Exercise directions: Within the records below, find each line with the word "cylindrical" and copy it out.

Data provided:
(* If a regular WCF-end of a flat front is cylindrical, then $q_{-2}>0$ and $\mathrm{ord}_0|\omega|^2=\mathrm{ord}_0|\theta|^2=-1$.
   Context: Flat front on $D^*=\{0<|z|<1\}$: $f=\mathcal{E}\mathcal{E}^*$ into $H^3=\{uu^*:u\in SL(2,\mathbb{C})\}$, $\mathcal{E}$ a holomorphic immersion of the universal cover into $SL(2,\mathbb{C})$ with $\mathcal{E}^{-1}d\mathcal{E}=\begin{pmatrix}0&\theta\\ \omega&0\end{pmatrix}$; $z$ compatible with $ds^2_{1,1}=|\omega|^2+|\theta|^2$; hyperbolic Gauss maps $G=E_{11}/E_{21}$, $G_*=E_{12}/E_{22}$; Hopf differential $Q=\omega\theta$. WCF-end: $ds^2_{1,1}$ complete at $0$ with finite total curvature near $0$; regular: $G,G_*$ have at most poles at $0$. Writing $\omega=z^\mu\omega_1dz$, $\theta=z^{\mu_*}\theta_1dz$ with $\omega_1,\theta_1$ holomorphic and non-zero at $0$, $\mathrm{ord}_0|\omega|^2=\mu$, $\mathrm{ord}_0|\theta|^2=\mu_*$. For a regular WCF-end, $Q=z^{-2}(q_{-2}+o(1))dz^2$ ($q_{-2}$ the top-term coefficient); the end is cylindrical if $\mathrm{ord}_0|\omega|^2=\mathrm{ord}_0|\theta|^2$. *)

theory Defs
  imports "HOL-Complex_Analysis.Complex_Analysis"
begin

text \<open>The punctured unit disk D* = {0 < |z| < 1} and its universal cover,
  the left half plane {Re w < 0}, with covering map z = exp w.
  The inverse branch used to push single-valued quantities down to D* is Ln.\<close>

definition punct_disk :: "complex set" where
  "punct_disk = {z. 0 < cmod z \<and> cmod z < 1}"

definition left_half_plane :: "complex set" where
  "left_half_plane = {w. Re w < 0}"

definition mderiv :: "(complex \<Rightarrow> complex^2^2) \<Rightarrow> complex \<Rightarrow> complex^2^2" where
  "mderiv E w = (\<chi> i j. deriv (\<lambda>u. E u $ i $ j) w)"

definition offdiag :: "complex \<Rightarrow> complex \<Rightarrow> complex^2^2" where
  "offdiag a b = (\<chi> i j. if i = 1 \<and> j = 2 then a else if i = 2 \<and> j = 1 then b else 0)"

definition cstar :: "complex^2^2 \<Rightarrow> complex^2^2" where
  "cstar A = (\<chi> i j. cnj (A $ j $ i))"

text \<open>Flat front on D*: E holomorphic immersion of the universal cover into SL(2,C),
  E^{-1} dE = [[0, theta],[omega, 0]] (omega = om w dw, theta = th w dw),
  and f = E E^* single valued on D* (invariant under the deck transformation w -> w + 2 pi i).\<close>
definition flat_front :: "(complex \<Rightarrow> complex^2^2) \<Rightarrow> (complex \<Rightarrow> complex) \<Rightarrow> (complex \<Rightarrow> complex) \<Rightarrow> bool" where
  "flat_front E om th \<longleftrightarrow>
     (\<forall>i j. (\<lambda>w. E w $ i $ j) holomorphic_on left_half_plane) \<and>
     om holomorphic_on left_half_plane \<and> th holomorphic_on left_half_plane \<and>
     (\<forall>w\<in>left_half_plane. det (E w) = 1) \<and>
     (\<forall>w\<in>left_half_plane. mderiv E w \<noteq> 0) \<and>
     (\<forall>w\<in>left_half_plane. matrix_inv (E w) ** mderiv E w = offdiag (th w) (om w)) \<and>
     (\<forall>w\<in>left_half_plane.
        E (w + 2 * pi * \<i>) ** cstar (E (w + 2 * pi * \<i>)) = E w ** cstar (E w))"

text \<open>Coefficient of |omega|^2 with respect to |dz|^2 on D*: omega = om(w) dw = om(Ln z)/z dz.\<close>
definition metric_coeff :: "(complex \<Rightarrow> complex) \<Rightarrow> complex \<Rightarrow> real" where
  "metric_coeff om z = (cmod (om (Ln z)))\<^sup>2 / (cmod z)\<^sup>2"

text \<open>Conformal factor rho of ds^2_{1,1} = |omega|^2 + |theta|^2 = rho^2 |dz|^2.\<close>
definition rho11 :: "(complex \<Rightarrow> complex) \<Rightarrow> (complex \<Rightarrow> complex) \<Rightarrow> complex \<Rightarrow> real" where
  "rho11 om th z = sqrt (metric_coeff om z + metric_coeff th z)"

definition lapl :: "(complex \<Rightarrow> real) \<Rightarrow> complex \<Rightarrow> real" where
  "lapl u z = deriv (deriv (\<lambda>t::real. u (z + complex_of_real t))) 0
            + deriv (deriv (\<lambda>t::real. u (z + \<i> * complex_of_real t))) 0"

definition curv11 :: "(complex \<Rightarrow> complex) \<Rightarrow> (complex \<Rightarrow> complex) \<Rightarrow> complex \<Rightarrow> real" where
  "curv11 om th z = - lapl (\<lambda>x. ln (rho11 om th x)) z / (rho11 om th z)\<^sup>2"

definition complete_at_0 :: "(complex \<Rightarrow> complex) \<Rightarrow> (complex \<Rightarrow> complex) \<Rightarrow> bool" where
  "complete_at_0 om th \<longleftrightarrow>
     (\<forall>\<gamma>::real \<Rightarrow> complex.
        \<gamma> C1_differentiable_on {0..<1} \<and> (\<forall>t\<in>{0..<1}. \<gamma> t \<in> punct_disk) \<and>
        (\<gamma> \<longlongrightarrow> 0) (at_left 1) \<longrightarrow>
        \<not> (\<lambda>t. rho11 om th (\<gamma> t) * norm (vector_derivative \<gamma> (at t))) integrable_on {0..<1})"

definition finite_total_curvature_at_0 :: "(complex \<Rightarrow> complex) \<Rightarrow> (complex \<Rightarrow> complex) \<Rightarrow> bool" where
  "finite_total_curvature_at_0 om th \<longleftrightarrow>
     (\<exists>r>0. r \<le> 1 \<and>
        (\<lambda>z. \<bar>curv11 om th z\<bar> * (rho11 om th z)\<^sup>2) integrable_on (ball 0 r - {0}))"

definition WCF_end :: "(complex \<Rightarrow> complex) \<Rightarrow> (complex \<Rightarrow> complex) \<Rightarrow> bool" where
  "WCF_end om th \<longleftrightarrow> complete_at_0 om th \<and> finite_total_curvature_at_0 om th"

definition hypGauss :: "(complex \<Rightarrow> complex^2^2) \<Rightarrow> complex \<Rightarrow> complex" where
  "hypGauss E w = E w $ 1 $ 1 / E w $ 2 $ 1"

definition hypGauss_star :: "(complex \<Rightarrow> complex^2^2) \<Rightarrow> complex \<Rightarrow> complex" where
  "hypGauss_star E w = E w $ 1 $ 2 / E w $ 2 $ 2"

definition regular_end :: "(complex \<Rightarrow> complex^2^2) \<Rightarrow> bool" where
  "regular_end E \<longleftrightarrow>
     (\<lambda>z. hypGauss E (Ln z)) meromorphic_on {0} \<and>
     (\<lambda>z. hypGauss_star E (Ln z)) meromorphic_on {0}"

...

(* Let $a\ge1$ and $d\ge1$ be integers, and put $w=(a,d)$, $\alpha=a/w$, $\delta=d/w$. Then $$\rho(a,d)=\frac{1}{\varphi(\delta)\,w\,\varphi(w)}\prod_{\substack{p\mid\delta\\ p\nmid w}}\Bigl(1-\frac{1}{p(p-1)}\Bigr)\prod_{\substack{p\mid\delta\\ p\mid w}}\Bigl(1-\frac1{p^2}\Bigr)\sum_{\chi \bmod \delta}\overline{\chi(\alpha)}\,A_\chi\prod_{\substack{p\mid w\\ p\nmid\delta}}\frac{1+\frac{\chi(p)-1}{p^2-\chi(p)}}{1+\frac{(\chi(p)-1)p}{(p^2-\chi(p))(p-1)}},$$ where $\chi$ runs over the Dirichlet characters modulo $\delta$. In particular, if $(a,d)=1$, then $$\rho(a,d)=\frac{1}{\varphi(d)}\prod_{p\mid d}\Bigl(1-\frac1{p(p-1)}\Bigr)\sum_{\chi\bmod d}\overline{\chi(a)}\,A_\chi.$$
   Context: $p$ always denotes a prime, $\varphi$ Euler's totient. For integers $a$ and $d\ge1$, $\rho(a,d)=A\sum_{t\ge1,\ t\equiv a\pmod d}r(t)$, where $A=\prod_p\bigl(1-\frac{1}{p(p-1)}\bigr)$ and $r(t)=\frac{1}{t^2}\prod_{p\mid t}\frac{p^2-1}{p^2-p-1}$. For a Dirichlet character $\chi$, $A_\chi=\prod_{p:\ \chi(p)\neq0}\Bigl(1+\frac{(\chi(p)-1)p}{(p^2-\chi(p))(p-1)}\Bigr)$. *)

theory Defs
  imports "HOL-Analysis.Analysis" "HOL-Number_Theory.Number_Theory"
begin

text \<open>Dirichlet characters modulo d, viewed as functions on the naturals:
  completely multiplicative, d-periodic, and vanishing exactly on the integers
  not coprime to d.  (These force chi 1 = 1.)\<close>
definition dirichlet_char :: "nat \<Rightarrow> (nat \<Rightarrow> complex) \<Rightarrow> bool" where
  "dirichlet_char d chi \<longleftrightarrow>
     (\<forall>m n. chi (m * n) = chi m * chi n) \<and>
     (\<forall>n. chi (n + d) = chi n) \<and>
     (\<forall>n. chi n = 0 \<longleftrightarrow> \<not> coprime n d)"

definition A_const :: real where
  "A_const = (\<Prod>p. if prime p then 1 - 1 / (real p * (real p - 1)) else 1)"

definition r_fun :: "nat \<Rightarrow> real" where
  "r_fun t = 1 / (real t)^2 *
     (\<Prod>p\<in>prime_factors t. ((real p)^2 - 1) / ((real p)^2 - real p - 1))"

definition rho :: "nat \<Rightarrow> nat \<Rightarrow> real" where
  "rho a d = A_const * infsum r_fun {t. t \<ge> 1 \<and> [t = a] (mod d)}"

Exercise answer:
(* If a regular WCF-end of a flat front is cylindrical, then $q_{-2}>0$ and $\mathrm{ord}_0|\omega|^2=\mathrm{ord}_0|\theta|^2=-1$.
   Context: Flat front on $D^*=\{0<|z|<1\}$: $f=\mathcal{E}\mathcal{E}^*$ into $H^3=\{uu^*:u\in SL(2,\mathbb{C})\}$, $\mathcal{E}$ a holomorphic immersion of the universal cover into $SL(2,\mathbb{C})$ with $\mathcal{E}^{-1}d\mathcal{E}=\begin{pmatrix}0&\theta\\ \omega&0\end{pmatrix}$; $z$ compatible with $ds^2_{1,1}=|\omega|^2+|\theta|^2$; hyperbolic Gauss maps $G=E_{11}/E_{21}$, $G_*=E_{12}/E_{22}$; Hopf differential $Q=\omega\theta$. WCF-end: $ds^2_{1,1}$ complete at $0$ with finite total curvature near $0$; regular: $G,G_*$ have at most poles at $0$. Writing $\omega=z^\mu\omega_1dz$, $\theta=z^{\mu_*}\theta_1dz$ with $\omega_1,\theta_1$ holomorphic and non-zero at $0$, $\mathrm{ord}_0|\omega|^2=\mu$, $\mathrm{ord}_0|\theta|^2=\mu_*$. For a regular WCF-end, $Q=z^{-2}(q_{-2}+o(1))dz^2$ ($q_{-2}$ the top-term coefficient); the end is cylindrical if $\mathrm{ord}_0|\omega|^2=\mathrm{ord}_0|\theta|^2$. *)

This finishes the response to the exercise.